DATASET ENTRIES section start
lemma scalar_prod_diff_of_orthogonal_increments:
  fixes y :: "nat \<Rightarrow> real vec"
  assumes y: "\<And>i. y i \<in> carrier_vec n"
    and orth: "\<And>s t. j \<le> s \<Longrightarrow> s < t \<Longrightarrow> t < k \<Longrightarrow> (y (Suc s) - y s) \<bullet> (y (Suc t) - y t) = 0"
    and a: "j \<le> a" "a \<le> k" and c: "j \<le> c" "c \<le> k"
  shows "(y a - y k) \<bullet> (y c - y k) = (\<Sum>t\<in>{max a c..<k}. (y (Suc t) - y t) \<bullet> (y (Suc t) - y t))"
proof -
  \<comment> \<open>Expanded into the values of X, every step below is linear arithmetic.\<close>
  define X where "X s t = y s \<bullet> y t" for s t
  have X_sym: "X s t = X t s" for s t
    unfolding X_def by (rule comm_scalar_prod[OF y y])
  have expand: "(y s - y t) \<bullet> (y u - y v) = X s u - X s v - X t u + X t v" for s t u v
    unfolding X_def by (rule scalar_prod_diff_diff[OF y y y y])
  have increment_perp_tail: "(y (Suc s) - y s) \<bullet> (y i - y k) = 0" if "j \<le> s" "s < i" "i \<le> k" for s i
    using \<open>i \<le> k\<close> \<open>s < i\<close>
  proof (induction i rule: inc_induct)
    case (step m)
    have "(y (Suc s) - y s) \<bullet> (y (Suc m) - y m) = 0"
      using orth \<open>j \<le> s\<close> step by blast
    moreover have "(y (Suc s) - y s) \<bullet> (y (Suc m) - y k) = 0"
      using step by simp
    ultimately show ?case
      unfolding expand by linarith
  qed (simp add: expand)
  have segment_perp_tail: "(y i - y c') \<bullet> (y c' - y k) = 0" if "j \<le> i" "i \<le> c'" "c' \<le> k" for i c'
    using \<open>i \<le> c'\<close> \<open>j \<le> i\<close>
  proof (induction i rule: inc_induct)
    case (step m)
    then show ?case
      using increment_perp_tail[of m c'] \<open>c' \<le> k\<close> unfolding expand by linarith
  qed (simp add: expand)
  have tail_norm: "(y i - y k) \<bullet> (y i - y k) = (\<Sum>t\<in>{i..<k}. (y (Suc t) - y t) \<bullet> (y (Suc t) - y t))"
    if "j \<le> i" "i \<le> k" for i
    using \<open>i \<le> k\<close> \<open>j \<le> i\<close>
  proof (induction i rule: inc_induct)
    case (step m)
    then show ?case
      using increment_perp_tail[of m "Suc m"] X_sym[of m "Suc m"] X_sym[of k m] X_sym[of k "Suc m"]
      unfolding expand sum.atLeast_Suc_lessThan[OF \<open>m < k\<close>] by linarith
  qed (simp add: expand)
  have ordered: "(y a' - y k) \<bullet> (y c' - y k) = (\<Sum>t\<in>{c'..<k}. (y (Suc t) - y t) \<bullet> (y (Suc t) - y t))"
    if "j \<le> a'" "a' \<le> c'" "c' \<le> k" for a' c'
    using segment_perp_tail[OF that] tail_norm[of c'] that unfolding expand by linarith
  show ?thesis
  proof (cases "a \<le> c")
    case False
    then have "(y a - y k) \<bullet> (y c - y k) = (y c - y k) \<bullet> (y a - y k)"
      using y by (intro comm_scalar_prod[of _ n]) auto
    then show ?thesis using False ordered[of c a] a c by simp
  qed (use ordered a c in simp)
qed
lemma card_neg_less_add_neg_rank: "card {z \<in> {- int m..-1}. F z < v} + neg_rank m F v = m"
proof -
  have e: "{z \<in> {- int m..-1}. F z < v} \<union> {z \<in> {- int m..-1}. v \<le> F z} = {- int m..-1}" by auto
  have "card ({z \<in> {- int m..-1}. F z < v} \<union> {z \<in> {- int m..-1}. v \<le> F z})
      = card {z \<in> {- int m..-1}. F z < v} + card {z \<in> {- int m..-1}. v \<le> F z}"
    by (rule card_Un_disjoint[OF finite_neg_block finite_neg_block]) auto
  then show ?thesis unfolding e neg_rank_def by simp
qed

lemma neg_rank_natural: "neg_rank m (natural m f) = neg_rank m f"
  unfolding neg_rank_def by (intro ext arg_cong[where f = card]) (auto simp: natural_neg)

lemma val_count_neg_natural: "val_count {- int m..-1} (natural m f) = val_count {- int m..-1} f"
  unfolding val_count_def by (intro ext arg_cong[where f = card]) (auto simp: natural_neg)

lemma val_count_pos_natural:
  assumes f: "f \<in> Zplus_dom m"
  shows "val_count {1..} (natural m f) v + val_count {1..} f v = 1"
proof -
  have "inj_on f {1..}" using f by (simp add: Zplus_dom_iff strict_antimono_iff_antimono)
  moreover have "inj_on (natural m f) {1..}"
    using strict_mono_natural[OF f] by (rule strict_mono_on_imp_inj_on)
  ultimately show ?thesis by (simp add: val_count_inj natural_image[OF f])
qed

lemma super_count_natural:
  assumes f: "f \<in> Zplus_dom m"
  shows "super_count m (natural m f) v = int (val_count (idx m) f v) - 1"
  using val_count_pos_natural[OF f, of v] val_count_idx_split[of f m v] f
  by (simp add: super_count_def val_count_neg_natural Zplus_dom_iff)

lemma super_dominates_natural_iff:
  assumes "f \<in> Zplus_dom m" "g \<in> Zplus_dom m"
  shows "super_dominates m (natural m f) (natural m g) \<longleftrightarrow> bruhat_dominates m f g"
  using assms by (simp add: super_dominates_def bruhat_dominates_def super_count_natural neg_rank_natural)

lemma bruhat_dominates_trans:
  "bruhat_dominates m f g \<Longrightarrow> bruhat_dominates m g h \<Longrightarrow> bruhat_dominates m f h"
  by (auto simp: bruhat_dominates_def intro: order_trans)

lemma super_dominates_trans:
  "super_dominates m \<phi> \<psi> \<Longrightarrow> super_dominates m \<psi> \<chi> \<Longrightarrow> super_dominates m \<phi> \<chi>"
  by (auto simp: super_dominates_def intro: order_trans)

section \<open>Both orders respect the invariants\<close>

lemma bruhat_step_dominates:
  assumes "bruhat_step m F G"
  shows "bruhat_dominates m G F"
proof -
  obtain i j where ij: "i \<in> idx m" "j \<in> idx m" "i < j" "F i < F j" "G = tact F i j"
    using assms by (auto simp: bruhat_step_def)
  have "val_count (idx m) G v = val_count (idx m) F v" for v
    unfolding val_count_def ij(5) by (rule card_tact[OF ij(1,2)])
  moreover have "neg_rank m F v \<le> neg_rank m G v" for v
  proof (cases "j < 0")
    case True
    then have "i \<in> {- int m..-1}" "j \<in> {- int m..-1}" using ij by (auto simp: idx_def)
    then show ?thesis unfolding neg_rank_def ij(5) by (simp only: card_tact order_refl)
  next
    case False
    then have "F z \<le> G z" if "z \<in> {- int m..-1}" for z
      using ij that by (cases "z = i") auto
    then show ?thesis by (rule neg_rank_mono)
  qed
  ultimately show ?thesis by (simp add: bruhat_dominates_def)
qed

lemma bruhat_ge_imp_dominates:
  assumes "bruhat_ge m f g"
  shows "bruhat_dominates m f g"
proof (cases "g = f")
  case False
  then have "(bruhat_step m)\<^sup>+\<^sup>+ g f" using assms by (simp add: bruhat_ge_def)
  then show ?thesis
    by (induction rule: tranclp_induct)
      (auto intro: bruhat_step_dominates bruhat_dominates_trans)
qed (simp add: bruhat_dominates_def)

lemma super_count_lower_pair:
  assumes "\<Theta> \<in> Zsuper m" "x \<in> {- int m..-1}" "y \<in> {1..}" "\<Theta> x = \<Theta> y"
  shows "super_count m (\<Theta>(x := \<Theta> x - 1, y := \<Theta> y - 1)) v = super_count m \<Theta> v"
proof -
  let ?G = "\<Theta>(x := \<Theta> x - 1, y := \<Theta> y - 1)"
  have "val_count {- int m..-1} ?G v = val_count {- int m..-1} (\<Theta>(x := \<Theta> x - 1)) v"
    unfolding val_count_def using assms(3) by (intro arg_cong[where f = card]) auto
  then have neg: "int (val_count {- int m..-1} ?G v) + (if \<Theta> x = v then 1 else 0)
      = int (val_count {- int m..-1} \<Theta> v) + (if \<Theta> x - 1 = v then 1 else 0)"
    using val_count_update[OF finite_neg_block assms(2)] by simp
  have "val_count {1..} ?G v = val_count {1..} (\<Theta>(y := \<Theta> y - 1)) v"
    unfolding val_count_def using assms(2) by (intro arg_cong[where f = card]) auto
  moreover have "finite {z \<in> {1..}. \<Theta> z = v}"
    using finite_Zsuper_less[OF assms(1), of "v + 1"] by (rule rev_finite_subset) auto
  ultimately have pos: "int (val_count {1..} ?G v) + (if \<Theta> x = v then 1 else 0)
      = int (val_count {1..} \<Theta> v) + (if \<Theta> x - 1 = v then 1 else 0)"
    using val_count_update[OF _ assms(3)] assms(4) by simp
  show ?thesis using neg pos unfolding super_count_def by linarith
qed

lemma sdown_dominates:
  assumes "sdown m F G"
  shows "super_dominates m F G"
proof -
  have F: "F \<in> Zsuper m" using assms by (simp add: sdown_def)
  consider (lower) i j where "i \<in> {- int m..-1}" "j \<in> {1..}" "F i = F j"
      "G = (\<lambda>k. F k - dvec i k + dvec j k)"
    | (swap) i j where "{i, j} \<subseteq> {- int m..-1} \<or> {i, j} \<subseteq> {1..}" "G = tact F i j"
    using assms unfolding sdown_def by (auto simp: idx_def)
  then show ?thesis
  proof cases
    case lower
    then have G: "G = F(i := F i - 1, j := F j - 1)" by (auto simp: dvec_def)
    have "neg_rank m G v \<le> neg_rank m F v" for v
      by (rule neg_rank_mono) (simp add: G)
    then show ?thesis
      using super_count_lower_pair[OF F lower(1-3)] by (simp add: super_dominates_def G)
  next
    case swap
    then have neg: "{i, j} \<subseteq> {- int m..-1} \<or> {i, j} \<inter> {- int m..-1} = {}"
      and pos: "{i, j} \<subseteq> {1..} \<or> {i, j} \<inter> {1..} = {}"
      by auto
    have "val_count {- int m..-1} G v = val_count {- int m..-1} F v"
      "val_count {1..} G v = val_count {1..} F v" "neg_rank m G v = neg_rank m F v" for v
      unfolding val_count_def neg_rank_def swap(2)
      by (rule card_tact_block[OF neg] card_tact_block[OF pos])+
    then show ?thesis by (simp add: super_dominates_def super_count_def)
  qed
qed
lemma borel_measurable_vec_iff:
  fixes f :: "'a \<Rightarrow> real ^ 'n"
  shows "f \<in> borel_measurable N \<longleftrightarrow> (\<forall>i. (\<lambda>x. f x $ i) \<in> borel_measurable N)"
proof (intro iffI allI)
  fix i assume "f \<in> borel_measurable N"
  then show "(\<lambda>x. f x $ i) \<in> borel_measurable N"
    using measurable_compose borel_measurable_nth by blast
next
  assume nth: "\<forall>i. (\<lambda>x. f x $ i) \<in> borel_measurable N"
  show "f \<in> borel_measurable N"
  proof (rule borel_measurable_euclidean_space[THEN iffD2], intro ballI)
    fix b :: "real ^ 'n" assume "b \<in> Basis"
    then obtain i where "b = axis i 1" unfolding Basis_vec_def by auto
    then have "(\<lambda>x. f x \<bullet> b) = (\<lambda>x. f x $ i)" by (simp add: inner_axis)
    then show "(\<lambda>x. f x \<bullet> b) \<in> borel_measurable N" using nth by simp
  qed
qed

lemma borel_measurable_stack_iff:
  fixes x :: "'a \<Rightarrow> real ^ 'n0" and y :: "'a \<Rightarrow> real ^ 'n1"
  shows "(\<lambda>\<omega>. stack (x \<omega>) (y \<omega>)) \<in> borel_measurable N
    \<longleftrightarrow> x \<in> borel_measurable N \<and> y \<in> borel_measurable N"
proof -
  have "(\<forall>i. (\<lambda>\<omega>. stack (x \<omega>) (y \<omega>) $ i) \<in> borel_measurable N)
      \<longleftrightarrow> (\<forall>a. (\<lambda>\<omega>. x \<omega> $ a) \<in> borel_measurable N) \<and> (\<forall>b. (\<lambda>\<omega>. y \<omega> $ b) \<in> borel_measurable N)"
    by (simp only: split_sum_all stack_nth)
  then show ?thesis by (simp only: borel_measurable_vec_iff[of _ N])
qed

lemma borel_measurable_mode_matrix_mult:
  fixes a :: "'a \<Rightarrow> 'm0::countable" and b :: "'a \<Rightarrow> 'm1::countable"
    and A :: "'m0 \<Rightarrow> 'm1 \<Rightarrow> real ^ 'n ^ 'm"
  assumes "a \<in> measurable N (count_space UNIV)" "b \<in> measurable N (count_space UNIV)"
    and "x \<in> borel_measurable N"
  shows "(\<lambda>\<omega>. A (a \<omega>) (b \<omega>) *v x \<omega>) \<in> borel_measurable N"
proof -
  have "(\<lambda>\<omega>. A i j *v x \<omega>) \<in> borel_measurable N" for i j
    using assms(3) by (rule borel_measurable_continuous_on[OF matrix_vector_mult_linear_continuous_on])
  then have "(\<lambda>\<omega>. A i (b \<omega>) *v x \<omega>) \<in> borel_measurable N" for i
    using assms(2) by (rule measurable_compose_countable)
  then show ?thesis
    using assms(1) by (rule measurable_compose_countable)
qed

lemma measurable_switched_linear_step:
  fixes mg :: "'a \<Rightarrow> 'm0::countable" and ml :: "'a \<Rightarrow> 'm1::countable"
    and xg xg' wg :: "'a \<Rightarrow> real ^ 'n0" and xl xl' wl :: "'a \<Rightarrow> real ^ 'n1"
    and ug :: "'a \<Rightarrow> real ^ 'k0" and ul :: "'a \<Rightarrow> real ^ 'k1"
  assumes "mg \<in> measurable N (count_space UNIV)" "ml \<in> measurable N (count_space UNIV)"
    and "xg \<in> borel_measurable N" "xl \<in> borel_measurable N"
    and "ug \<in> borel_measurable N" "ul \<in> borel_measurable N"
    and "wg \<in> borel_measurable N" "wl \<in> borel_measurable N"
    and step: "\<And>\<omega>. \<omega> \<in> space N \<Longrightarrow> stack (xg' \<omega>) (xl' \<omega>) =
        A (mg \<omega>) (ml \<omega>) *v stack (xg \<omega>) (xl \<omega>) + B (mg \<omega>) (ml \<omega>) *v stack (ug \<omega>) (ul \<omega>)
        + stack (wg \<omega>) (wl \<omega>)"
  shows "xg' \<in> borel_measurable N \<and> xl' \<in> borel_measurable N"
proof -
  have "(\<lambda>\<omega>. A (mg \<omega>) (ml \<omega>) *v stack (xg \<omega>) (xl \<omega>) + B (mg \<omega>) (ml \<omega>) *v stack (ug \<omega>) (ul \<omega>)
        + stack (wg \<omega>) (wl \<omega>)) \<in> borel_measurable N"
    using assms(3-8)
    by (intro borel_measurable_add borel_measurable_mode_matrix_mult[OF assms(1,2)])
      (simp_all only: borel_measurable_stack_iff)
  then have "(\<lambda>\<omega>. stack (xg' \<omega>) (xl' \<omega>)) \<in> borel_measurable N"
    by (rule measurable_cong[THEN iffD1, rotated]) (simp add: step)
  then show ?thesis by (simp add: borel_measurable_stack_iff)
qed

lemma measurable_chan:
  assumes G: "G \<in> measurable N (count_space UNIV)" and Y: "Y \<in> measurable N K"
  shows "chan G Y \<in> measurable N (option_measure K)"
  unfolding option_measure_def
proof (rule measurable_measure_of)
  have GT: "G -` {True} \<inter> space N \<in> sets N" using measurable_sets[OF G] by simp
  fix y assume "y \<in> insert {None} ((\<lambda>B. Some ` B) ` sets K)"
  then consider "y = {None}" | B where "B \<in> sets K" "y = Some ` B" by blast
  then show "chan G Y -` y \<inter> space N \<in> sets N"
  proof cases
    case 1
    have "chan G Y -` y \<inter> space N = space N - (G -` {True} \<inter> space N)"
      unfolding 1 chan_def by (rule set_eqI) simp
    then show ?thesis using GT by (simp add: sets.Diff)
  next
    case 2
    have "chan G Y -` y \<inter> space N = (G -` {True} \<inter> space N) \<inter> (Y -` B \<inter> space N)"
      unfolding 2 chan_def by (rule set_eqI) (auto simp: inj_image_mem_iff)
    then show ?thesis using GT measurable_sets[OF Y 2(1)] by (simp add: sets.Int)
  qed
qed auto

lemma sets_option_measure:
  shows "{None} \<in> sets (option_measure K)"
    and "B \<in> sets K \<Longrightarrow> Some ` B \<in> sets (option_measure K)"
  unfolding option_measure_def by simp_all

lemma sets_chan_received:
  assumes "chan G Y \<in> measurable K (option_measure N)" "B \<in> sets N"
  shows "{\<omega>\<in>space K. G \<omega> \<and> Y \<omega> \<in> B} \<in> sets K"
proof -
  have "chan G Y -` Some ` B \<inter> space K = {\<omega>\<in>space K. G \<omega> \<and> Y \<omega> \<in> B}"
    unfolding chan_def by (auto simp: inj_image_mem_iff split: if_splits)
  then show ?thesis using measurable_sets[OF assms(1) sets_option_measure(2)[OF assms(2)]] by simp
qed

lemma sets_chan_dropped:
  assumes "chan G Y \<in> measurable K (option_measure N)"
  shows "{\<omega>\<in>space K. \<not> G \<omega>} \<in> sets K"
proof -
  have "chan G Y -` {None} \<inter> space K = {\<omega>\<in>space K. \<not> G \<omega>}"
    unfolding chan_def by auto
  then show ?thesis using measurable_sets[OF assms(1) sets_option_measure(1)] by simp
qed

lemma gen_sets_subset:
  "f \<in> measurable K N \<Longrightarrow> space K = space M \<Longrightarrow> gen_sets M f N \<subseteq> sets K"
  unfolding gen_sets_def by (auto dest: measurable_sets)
DATASET ENTRIES section end
# [EXERCISE DIRECTIONS]
Copy out the listing above, line by line and exactly, from its first line to the line holding "i \<in> carrier_vec", inclusive.

# [WRITTEN ANSWER]
lemma scalar_prod_diff_of_orthogonal_increments:
  fixes y :: "nat \<Rightarrow> real vec"
  assumes y: "\<And>i. y i \<in> carrier_vec n"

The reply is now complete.